さらに、不正コピーが発覚した後にソフトウェアを購入すれば賠償責任は免れるという主張や、損害賠償が認められるとしても卸価格を基準とするべきであるという主張は退けられました。しかし、具体的な損害賠償額は、対象となったソフトウェア製品の正規品小売価格(×侵害数)とされており、このことは、侵害が発覚したら、予め正規にソフトウェアを取得した場合と同額の金額を支払えばよいという意識すなわち「侵害のし得」感を生み出す温床となる可能性があります。これを防ぐために、組織内で行われるソフトウェアの不正コピーの事案についても、悪質な場合には刑事罰の適用が必要であるとともに、「侵害のし得」を生じさせない民事的な救済制度を創設する必要もあると考えます。

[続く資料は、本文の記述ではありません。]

(* Let $n\ge1$, $Q=2n+2$, fix constants $0<c_1<c_2<\infty$, and for $k\in\mathbb{Z}$ and functions $f,g$ on $\mathbb{H}^n$ define $$B(f,g)(x)=\int_{c_1\le|y|\le c_2} f(xy^{-1})g(xy)\,dy,\qquad B_k(f,g)(x)=\int_{c_12^{-k}\le|y|\le c_22^{-k}} f(xy^{-1})g(xy)\,dy.$$ Then, with implicit constants independent of $f,g\in L^1(\mathbb{H}^n)$ and of $k\in\mathbb{Z}$: (i) $\|B(f,g)\|_{L^{1/2}(\mathbb{H}^n)}\lesssim\|f\|_{L^1(\mathbb{H}^n)}\|g\|_{L^1(\mathbb{H}^n)}$; (ii) $\|B(f,g)\|_{L^{1}(\mathbb{H}^n)}\lesssim\|f\|_{L^1(\mathbb{H}^n)}\|g\|_{L^1(\mathbb{H}^n)}$; (iii) $\|B_k(f,g)\|_{L^{1/2}(\mathbb{H}^n)}\lesssim 2^{-Qk}\|f\|_{L^1(\mathbb{H}^n)}\|g\|_{L^1(\mathbb{H}^n)}$; (iv) $\|B_k(f,g)\|_{L^{1}(\mathbb{H}^n)}\lesssim\|f\|_{L^1(\mathbb{H}^n)}\|g\|_{L^1(\mathbb{H}^n)}$.
   Context: $\mathbb{H}^n=\mathbb{C}^n\times\mathbb{R}$ is the Heisenberg group with group law $(z,t)\cdot(w,s)=(z+w,\,t+s+\tfrac12\operatorname{Im}(z\cdot\bar w))$, inverse $(z,t)^{-1}=(-z,-t)$, Haar measure $dz\,dt$, homogeneous dimension $Q=2n+2$, and Koranyi norm $|(z,t)|=(|z|^4+t^2)^{1/4}$. $\|h\|_{L^{1/2}}=(\int|h|^{1/2})^2$. $A\lesssim B$ means $A\le CB$ for a constant $C$ independent of the quantities involved. *)

theory Defs
  imports "HOL-Analysis.Analysis"
begin

text \<open>A point (z,t) with z = x + i y in C^n
  is represented as ((x, y), t) with x, y :: real^'n, so that the Lebesgue measure
  lborel on this Euclidean space is the Haar measure dz dt.  The dimension n is
  CARD('n).\<close>

type_synonym 'n heis = "((real^'n) \<times> (real^'n)) \<times> real"

definition heis_z :: "'n::finite heis \<Rightarrow> 'n \<Rightarrow> complex" where
  "heis_z p j = Complex (fst (fst p) $ j) (snd (fst p) $ j)"

definition heis_mult :: "'n::finite heis \<Rightarrow> 'n heis \<Rightarrow> 'n heis" where
  "heis_mult p q = (fst p + fst q,
     snd p + snd q + (1/2) * Im (\<Sum>j\<in>UNIV. heis_z p j * cnj (heis_z q j)))"

definition heis_inv :: "'n::finite heis \<Rightarrow> 'n heis" where
  "heis_inv p = (- fst p, - snd p)"

definition koranyi :: "'n::finite heis \<Rightarrow> real" where
  "koranyi p = ((\<Sum>j\<in>UNIV. (cmod (heis_z p j))\<^sup>2)\<^sup>2 + (snd p)\<^sup>2) powr (1/4)"

definition heis_annulus :: "real \<Rightarrow> real \<Rightarrow> 'n::finite heis set" where
  "heis_annulus a b = {y. a \<le> koranyi y \<and> koranyi y \<le> b}"

definition heis_bil :: "real \<Rightarrow> real \<Rightarrow> ('n::finite heis \<Rightarrow> complex) \<Rightarrow> ('n heis \<Rightarrow> complex)
    \<Rightarrow> 'n heis \<Rightarrow> complex" where
  "heis_bil a b f g x =
     (LINT y : heis_annulus a b | lborel. f (heis_mult x (heis_inv y)) * g (heis_mult x y))"

definition L1norm :: "('n::finite heis \<Rightarrow> complex) \<Rightarrow> ennreal" where
  "L1norm h = (\<integral>\<^sup>+ x. ennreal (cmod (h x)) \<partial>lborel)"

definition Lhalfnorm :: "('n::finite heis \<Rightarrow> complex) \<Rightarrow> ennreal" where
  "Lhalfnorm h = (\<integral>\<^sup>+ x. ennreal (sqrt (cmod (h x))) \<partial>lborel)\<^sup>2"

end

theory Submission
  imports Defs
begin

(* In coordinates x y^-1 = 2x - xy, and Lebesgue measure is invariant under left and right
   Heisenberg translations, which are shears.  Substituting v = xy and then integrating in x gives
     2^(2n+1) int int |f(x y^-1)| |g(x y)| dy dx = ||f||_1 ||g||_1,
   which bounds B and B_k in L^1.
   For L^(1/2) at scale r, average sqrt |B| over right translates by the box
   Z = [-r,r]^2n x [-r^2,r^2].  Since Z times the Koranyi ball of radius c_2 r lies in a box N of the
   same shape, Cauchy-Schwarz on Z, the L^1 identity for f and g cut off to left translates of N, and
   Cauchy-Schwarz in the translation parameter give
     2^(2n+1) |Z| ||B||_(1/2) <= |N|^2 ||f||_1 ||g||_1,
   and |N|^2 / |Z| is a constant times r^(2n+2). *)

lemma nn_integral_lborel_affine:
  fixes t :: "'a::euclidean_space" and c :: real
  assumes [measurable]: "h \<in> borel_measurable borel" and "c \<noteq> 0"
  shows "ennreal \<bar>c\<bar> ^ DIM('a) * (\<integral>\<^sup>+ x. h (t + c *\<^sub>R x) \<partial>lborel) = (\<integral>\<^sup>+ x. h x \<partial>lborel)"
  by (subst lborel_affine[OF \<open>c \<noteq> 0\<close>, of t])
     (simp add: nn_integral_density nn_integral_distr nn_integral_cmult ennreal_power)

lemma nn_integral_lborel_translate:
  fixes t :: "'a::euclidean_space"
  assumes "h \<in> borel_measurable borel"
  shows "(\<integral>\<^sup>+ x. h (t + x) \<partial>lborel) = (\<integral>\<^sup>+ x. h x \<partial>lborel)"
  using nn_integral_lborel_affine[OF assms, of 1 t] by simp

lemma nn_integral_lborel_shear:
  fixes h :: "'a::euclidean_space \<times> 'b::euclidean_space \<Rightarrow> ennreal"
  assumes "h \<in> borel_measurable borel" and [measurable]: "\<phi> \<in> borel_measurable borel"
  shows "(\<integral>\<^sup>+ p. h (c + fst p, \<phi> (fst p) + snd p) \<partial>lborel) = (\<integral>\<^sup>+ p. h p \<partial>lborel)"
proof -
  have [measurable]: "h \<in> borel_measurable (borel \<Otimes>\<^sub>M borel)"
    using assms(1) by (simp add: borel_prod)
  have iterated: "(\<integral>\<^sup>+ p. k p \<partial>lborel) = (\<integral>\<^sup>+ a. (\<integral>\<^sup>+ s. k (a, s) \<partial>lborel) \<partial>lborel)"
    if "k \<in> borel_measurable (lborel \<Otimes>\<^sub>M lborel)" for k :: "'a \<times> 'b \<Rightarrow> ennreal"
    using lborel.nn_integral_fst[OF that] by (simp add: lborel_prod)
  have "(\<integral>\<^sup>+ p. h (c + fst p, \<phi> (fst p) + snd p) \<partial>lborel)
      = (\<integral>\<^sup>+ a. (\<integral>\<^sup>+ s. h (c + a, \<phi> a + s) \<partial>lborel) \<partial>lborel)"
    by (rule iterated[of "\<lambda>p. h (c + fst p, \<phi> (fst p) + snd p)", simplified]) measurable
  also have "\<dots> = (\<integral>\<^sup>+ a. (\<integral>\<^sup>+ s. h (c + a, s) \<partial>lborel) \<partial>lborel)"
    by (intro nn_integral_cong nn_integral_lborel_translate) measurable
  also have "\<dots> = (\<integral>\<^sup>+ a. (\<integral>\<^sup>+ s. h (a, s) \<partial>lborel) \<partial>lborel)"
    by (rule nn_integral_lborel_translate) measurable
  also have "\<dots> = (\<integral>\<^sup>+ p. h p \<partial>lborel)"
    by (rule iterated[symmetric]) measurable
  finally show ?thesis .
qed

今回のようなソフトウェアの不正コピーが、反復継続して行われると、ソフトウェアメーカーは対価を獲得することができず、新たなソフトウェアの開発に支障が生じてしまうだけでなく、今やソフトウェアがデジタル情報やコンテンツを生み出すのに必要不可欠なものになっている現実を鑑みると、わが国のデジタル情報産業全体の発展に悪影響を及ぼしかねません。
特に、今回の訴訟の対象となった企業は、コンピュータスクールを経営しており、ソフトウェアの使用方法を教授し、ソフトウェアの利用者を育てる業務を行っており、本来ソフトウェアの著作権についても教授し得る立場にありました。にもかかわらず、自らがソフトウェアの著作権侵害を行っていたことは極めて遺憾と言わざるを得ません。
わが国は、知的財産立国を目指し、昨年、知的財産基本法を制定するとともに、本年7月には「知的財産戦略推進計画」を立案し、その実施にとりかかっています。不正コピーを防止することは、知的財産戦略を実践する上の第一歩です。ACCSは、今後ともBSAなどと協力し、わが国のソフトウェアの不正コピーが減少するよう、ソフトウェアの適正な利用について、広くユーザーの皆様の理解を求めて参りたいと考えております。